• Collected data entries:
※
(* Let $k_1,k_2,n$ be positive integers with $k_1\le k_2$ and $k_1+k_2\ge 4$. If there exists a purely singular perfect $B[-k_1,k_2](2^n)$ set, then $2^n=k_1+k_2+1$.
   Context: For a positive integer $q$, $\mathbb{Z}_q$ is the ring of integers modulo $q$. For integers $a\le b$, $[a,b]^\ast=\{a,a+1,\dots,b\}\setminus\{0\}$. For non-negative integers $0\le k_1\le k_2$ and a positive integer $q$, a set $B\subseteq\mathbb{Z}_q$ is a $B[-k_1,k_2](q)$ set (splitter set) if, for each $b\in B$, the set $\{ab \bmod q: a\in[-k_1,k_2]^\ast\}$ consists of $k_1+k_2$ distinct nonzero elements, and these sets are pairwise disjoint for distinct $b\in B$. Such a set is perfect if $|B|=(q-1)/(k_1+k_2)$; equivalently, every nonzero element of $\mathbb{Z}_q$ has a unique representation $ab$ with $a\in[-k_1,k_2]^\ast$, $b\in B$ (and $0$ has no such representation). A perfect $B[-k_1,k_2](q)$ set is called purely singular if for every prime $p\mid q$ there is an integer $k$ with $0<k\le k_2$ and $p\mid k$. *)

theory Defs
  imports Main "HOL-Computational_Algebra.Primes"
begin

text \<open>Z_q is represented by the residues {0..<q} of int; multiplication is taken mod q.\<close>

definition mult_range :: "int \<Rightarrow> int \<Rightarrow> int set" where
  "mult_range k1 k2 = {a. - k1 \<le> a \<and> a \<le> k2 \<and> a \<noteq> 0}"

definition splitter_image :: "int \<Rightarrow> int \<Rightarrow> int \<Rightarrow> int \<Rightarrow> int set" where
  "splitter_image k1 k2 q b = (\<lambda>a. (a * b) mod q) ` mult_range k1 k2"

definition splitter_set :: "int \<Rightarrow> int \<Rightarrow> int \<Rightarrow> int set \<Rightarrow> bool" where
  "splitter_set k1 k2 q B \<longleftrightarrow>
     B \<subseteq> {0..<q} \<and>
     (\<forall>b\<in>B. inj_on (\<lambda>a. (a * b) mod q) (mult_range k1 k2) \<and>
              0 \<notin> splitter_image k1 k2 q b) \<and>
     (\<forall>b\<in>B. \<forall>b'\<in>B. b \<noteq> b' \<longrightarrow> splitter_image k1 k2 q b \<inter> splitter_image k1 k2 q b' = {})"

definition perfect_splitter_set :: "int \<Rightarrow> int \<Rightarrow> int \<Rightarrow> int set \<Rightarrow> bool" where
  "perfect_splitter_set k1 k2 q B \<longleftrightarrow>
     splitter_set k1 k2 q B \<and> int (card B) * (k1 + k2) = q - 1"

definition purely_singular :: "int \<Rightarrow> int \<Rightarrow> int \<Rightarrow> int set \<Rightarrow> bool" where
  "purely_singular k1 k2 q B \<longleftrightarrow>
     perfect_splitter_set k1 k2 q B \<and>
     (\<forall>p::int. prime p \<and> p dvd q \<longrightarrow> (\<exists>k. 0 < k \<and> k \<le> k2 \<and> p dvd k))"

end

theory Submission
  imports Defs
begin

text \<open>
  Write \<open>K = k1 + k2\<close> and let \<open>B'\<close> be the set of odd elements of \<open>B\<close>. Every odd residue
  modulo \<open>2 ^ n\<close> is uniquely a product of an odd multiplier and an element of \<open>B'\<close>, so
  \<open>(K + 1) / 2 * |B'| = 2 ^ (n - 1)\<close>; hence \<open>K + 1 = 2 ^ m\<close> and \<open>|B'| = 2 ^ d\<close> with
  \<open>n = m + d\<close>. For \<open>d = 1\<close> the count \<open>|B| * K = 2 ^ n - 1 = 2 * K + 1\<close> forces \<open>K = 1\<close>.
  For \<open>d \<ge> 2\<close>, a congruence between elements of \<open>B'\<close> (or of \<open>\<plusminus>B'\<close> when \<open>k1\<close> is large)
  modulo a smaller power of two becomes, after multiplication by a suitable power of two, a
  coincidence of two products in \<open>Z\<^bsub>2^n\<^esub>\<close>. So \<open>B'\<close> (or \<open>\<plusminus>B'\<close>) is a set of
  \<open>2 ^ (l - 1)\<close> odd integers, distinct modulo \<open>2 ^ l\<close>, none congruent modulo \<open>2 ^ (l + 1)\<close> to
  three times another. No such set exists: it picks exactly one of \<open>x, x + 2 ^ l\<close> for every
  odd \<open>x\<close>, so it is closed under \<open>x \<mapsto> 3 x + 2 ^ l\<close> modulo \<open>2 ^ (l + 1)\<close>; iterating this
  \<open>2 ^ (l - 2)\<close> times maps \<open>x\<close> to \<open>x + 2 ^ l\<close>, because \<open>3 ^ 2 ^ (l - 2) \<equiv> 1 + 2 ^ l\<close>.
\<close>

lemma card_odd_interval:
  fixes c :: int
  shows "card {x. c \<le> x \<and> x < c + 2 * int j \<and> odd x} = j"
proof (induction j)
  case 0
  have "{x. c \<le> x \<and> x < c + 2 * int 0 \<and> odd x} = {}" by auto
  then show ?case by (simp only: card.empty)
next
  case (Suc j)
  let ?S = "{x. c \<le> x \<and> x < c + 2 * int j \<and> odd x}"
  define y where "y = (if odd c then c + 2 * int j else c + 2 * int j + 1)"
  have "{x. c \<le> x \<and> x < c + 2 * int (Suc j) \<and> odd x} = insert y ?S"
    unfolding y_def by (cases "odd c") (auto, presburger+)
  moreover have "finite ?S"
    by (rule finite_subset[of _ "{c..<c + 2 * int j}"]) auto
  moreover have "y \<notin> ?S"
    unfolding y_def by auto
  ultimately show ?case
    using Suc by simp
qed

lemma three_power_two_power:
  "\<exists>u::int. 3 ^ 2 ^ Suc k = 1 + 2 ^ (k + 3) * (2 * u + 1)"
proof (induction k)
  case 0
  show ?case by (rule exI[of _ 0]) simp
next
  case (Suc k)
  then obtain u :: int where u: "3 ^ 2 ^ Suc k = 1 + 2 ^ (k + 3) * (2 * u + 1)"
    by blast
  have "(3::int) ^ 2 ^ Suc (Suc k) = (3 ^ 2 ^ Suc k)\<^sup>2"
    by (simp add: power_mult[symmetric] mult.commute)
  also have "\<dots> = 1 + 2 ^ (Suc k + 3) * (2 * (u + 2 ^ (k + 1) * (2 * u + 1)\<^sup>2) + 1)"
    unfolding u by (simp add: power2_eq_square algebra_simps power_add)
  finally show ?case by blast
qed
※
• Prompt: What you return must be an exact retyping of the lines above starting at the line with "coincidence of two" and ending at the line with "three times another.", and nothing besides.

• Written response:
  coincidence of two products in \<open>Z\<^bsub>2^n\<^esub>\<close>. So \<open>B'\<close> (or \<open>\<plusminus>B'\<close>) is a set of
  \<open>2 ^ (l - 1)\<close> odd integers, distinct modulo \<open>2 ^ l\<close>, none congruent modulo \<open>2 ^ (l + 1)\<close> to
  three times another. No such set exists: it picks exactly one of \<open>x, x + 2 ^ l\<close> for every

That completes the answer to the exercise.